▸ TASK ITEM
Among the entries below, find each line holding "choose" and return it.

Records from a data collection
- - - -

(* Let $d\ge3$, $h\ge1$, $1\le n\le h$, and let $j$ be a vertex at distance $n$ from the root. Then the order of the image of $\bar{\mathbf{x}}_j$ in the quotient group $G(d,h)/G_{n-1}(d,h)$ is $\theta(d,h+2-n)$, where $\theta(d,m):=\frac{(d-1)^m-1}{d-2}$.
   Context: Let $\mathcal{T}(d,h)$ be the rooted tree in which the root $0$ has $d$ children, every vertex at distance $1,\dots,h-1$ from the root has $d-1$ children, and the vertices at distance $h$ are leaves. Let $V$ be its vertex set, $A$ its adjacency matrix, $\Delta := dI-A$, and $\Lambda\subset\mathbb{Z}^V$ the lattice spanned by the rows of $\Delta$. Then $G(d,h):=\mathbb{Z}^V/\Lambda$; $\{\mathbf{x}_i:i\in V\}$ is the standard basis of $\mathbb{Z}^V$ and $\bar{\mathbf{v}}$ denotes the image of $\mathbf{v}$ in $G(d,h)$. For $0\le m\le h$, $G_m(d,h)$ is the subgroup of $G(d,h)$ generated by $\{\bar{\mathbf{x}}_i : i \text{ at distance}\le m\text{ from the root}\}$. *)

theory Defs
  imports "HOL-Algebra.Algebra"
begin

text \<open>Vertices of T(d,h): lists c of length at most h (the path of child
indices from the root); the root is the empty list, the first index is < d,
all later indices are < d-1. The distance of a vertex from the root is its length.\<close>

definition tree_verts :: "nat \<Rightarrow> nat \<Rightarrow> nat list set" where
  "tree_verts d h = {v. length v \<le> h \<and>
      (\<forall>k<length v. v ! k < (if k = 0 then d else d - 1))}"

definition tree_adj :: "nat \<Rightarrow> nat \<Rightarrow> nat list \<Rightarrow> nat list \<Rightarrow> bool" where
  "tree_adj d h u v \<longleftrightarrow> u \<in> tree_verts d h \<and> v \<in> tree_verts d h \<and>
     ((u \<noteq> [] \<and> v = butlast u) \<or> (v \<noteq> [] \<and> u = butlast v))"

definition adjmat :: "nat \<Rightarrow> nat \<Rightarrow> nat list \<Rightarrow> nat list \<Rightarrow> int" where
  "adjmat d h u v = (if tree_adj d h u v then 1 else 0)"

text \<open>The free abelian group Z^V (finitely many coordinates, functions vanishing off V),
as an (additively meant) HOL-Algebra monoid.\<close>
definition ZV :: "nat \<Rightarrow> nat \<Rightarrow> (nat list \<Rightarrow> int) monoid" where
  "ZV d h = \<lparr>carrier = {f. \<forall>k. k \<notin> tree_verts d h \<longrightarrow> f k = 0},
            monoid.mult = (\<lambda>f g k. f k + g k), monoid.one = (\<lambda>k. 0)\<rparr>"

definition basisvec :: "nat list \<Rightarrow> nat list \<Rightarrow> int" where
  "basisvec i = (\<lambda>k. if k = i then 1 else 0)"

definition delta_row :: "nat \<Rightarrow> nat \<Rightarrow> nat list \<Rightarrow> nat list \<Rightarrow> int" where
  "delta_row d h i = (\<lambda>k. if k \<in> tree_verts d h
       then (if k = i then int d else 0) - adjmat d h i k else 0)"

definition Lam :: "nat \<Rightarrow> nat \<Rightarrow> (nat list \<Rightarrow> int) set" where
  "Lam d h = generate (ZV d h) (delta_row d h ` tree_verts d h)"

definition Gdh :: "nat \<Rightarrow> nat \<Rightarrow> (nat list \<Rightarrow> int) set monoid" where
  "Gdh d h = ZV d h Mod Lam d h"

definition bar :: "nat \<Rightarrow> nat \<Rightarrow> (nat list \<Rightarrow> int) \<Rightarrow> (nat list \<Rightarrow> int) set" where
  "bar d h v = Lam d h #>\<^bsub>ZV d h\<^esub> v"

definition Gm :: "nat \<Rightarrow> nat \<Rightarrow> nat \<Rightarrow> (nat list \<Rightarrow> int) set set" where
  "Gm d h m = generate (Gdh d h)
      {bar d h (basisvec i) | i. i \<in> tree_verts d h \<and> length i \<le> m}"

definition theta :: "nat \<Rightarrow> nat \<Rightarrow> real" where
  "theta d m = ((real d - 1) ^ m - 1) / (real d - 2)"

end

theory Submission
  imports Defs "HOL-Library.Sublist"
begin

- - - -

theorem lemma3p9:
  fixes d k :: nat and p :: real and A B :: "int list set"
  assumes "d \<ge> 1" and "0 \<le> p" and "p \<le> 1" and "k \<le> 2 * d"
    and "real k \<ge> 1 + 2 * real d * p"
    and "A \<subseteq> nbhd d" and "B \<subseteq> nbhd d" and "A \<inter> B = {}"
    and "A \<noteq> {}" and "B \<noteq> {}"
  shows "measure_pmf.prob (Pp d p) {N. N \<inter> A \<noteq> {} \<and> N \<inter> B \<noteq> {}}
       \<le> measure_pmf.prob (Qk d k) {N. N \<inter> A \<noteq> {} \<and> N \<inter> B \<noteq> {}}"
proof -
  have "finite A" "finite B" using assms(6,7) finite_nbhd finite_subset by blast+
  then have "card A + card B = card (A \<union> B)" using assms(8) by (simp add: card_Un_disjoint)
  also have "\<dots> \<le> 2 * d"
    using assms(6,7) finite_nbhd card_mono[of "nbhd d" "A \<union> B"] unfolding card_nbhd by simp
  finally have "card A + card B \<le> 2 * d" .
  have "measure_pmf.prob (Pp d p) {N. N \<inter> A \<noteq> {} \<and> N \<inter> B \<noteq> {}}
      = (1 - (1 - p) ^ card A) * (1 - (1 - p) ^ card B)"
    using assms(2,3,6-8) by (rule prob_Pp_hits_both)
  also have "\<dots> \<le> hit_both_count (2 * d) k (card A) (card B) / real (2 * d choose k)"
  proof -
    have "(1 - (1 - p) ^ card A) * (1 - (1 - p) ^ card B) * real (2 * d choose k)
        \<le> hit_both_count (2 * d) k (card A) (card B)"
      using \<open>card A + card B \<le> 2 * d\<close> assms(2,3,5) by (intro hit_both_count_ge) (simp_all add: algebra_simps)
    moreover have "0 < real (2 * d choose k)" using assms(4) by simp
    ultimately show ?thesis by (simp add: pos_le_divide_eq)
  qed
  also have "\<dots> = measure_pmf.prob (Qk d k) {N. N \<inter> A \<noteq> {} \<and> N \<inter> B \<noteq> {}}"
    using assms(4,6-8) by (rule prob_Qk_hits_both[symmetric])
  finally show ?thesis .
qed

- - - -

▸ EXERCISE OUTPUT
  also have "\<dots> \<le> hit_both_count (2 * d) k (card A) (card B) / real (2 * d choose k)"
    have "(1 - (1 - p) ^ card A) * (1 - (1 - p) ^ card B) * real (2 * d choose k)
    moreover have "0 < real (2 * d choose k)" using assms(4) by simp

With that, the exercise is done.